Second, we noticed that RBPs of groups 4 and 6 are strongly related to RNA splicing and cleavage [27, 36] (Fig. 4b). For example, group 4 contains six HNRNP splicing factors (Fig. 5e). Therefore, we examined if there is any correlation between RNA binding sites associated to RBP groups 4 and 6 and their splicing score (Additional file 1: Figure S8). A Percentage Spliced In (PSI) score was calculated for every exon using RNA-seq data from HEK293 cell line. We defined exons with PSI scores < 0.2 as AS exons, while exons with PSI > 0.8 as constitutive exons. As expected, the binding sites co-bound by group 4 are significantly closer to AS exons than to constitutive exons (Fisher’s exact test, p value = 4.88E-05) (Fig. 5f); and the enrichment is higher than the binding peaks identified from nearly all individual HNRNPs data and as good as HNRNPM data (Fig. 5f) independent of the thresholds used (Additional file 1: Figure S8b). Similarly, we found significant association between the splicing scores and binding sites co-bound by RBP group 6 (Fisher’s exact test, p value = 1.48E-04, Fig. 5i, Additional file 1: Figure S8c).

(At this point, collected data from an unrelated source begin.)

theorem lemma4:
  assumes "graph_matching V E M"
    and "reach V E M \<Delta> Brid s"
    and "bridge_step E M \<Delta> s x y s'"
    and "v \<notin> even_verts s"
    and "v \<in> even_verts s'"
  shows "lcp s' v \<ge> int \<Delta>"
proof -
  obtain Bx By where edge: "bridge_edge E M \<Delta> s x y Bx By"
    and lcp_v: "lcp s' v = lcp s x + 1 + lcp s y - lcpo s v"
    using bridge_step_new_even_vertex_odd[OF reach_parents_valid[OF assms(2)] assms(3-5)] .
  have "lcp s x + lcp s y = 2 * int \<Delta> - 2"
    using edge unfolding bridge_edge_def by simp
  moreover have "lcpo s v \<le> int \<Delta> - 1"
    using reach_lcpo_le[OF assms(2)] .
  ultimately show ?thesis
    using lcp_v by linarith
qed

end
(* There exists a binary linear $[690,659,3]_2 4$ code (length $690$, codimension $31$, minimum distance $3$, covering radius $4$). Consequently $\ell_2(31,4)\le690$.
   Context: $[n,n-r,d]_2R$: binary linear code of length $n$, codimension $r$, minimum distance $d$, covering radius $R$ (smallest $R$ such that every vector of $\mathbb{F}_2^r$ is a sum of at most $R$ columns of a parity-check matrix). $\ell_2(r,R)$ is the smallest length of a binary linear code of codimension $r$ and covering radius $R$. *)

theory Defs
  imports Main "HOL-Library.Z2"
begin

text \<open>Vectors of F_2^n are modelled as functions nat => bit vanishing outside {0..<n}.
 A parity-check matrix with r rows and n columns is H :: nat => nat => bit,
 entry H i j in row i (i < r), column j (j < n); only those entries are used.\<close>

definition vecs :: "nat \<Rightarrow> (nat \<Rightarrow> bit) set" where
  "vecs n = {x. \<forall>j\<ge>n. x j = 0}"

definition lin_code :: "nat \<Rightarrow> nat \<Rightarrow> (nat \<Rightarrow> nat \<Rightarrow> bit) \<Rightarrow> (nat \<Rightarrow> bit) set" where
  "lin_code r n H = {x \<in> vecs n. \<forall>i<r. (\<Sum>j<n. H i j * x j) = 0}"

definition hamming :: "nat \<Rightarrow> (nat \<Rightarrow> bit) \<Rightarrow> (nat \<Rightarrow> bit) \<Rightarrow> nat" where
  "hamming n x y = card {j. j < n \<and> x j \<noteq> y j}"

definition min_dist :: "nat \<Rightarrow> (nat \<Rightarrow> bit) set \<Rightarrow> nat" where
  "min_dist n C = Min {hamming n x y | x y. x \<in> C \<and> y \<in> C \<and> x \<noteq> y}"

definition col_sum :: "nat \<Rightarrow> (nat \<Rightarrow> nat \<Rightarrow> bit) \<Rightarrow> nat set \<Rightarrow> (nat \<Rightarrow> bit)" where
  "col_sum r H S = (\<lambda>i. if i < r then (\<Sum>j\<in>S. H i j) else 0)"

definition covers :: "nat \<Rightarrow> nat \<Rightarrow> (nat \<Rightarrow> nat \<Rightarrow> bit) \<Rightarrow> nat \<Rightarrow> bool" where
  "covers r n H R \<longleftrightarrow> (\<forall>s\<in>vecs r. \<exists>S\<subseteq>{..<n}. card S \<le> R \<and> s = col_sum r H S)"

As mentioned above, the binding sites associated to group 4 RBPs are enriched with the UGUGU motif and are located close to transcript regions susceptible to AS (Fig. 4d). Here, we show an example of the binding on LUC7L2’s RNA, indicating proximity (~800–1000 nt distance) between a binding site with UGUGU motif that recruits splicing factors (HNRNPs) and their putative target splicing site (the cassette exon) (Fig. 5g). From the RNA-seq signals, we can see that the cassette exon is spliced (low PSI score) as a consistent result. Similarly, we show an example of the binding signals of RBPs in group 6 on TCF7L2’s RNA (Fig. 5j).

Such correlations between RNA sequences associated to the clustered RBP groups and their putative biological targets suggest that our clustering method has the potential to identify not only consensus protein-binding sequences in RNA but also functional RNA regulatory elements.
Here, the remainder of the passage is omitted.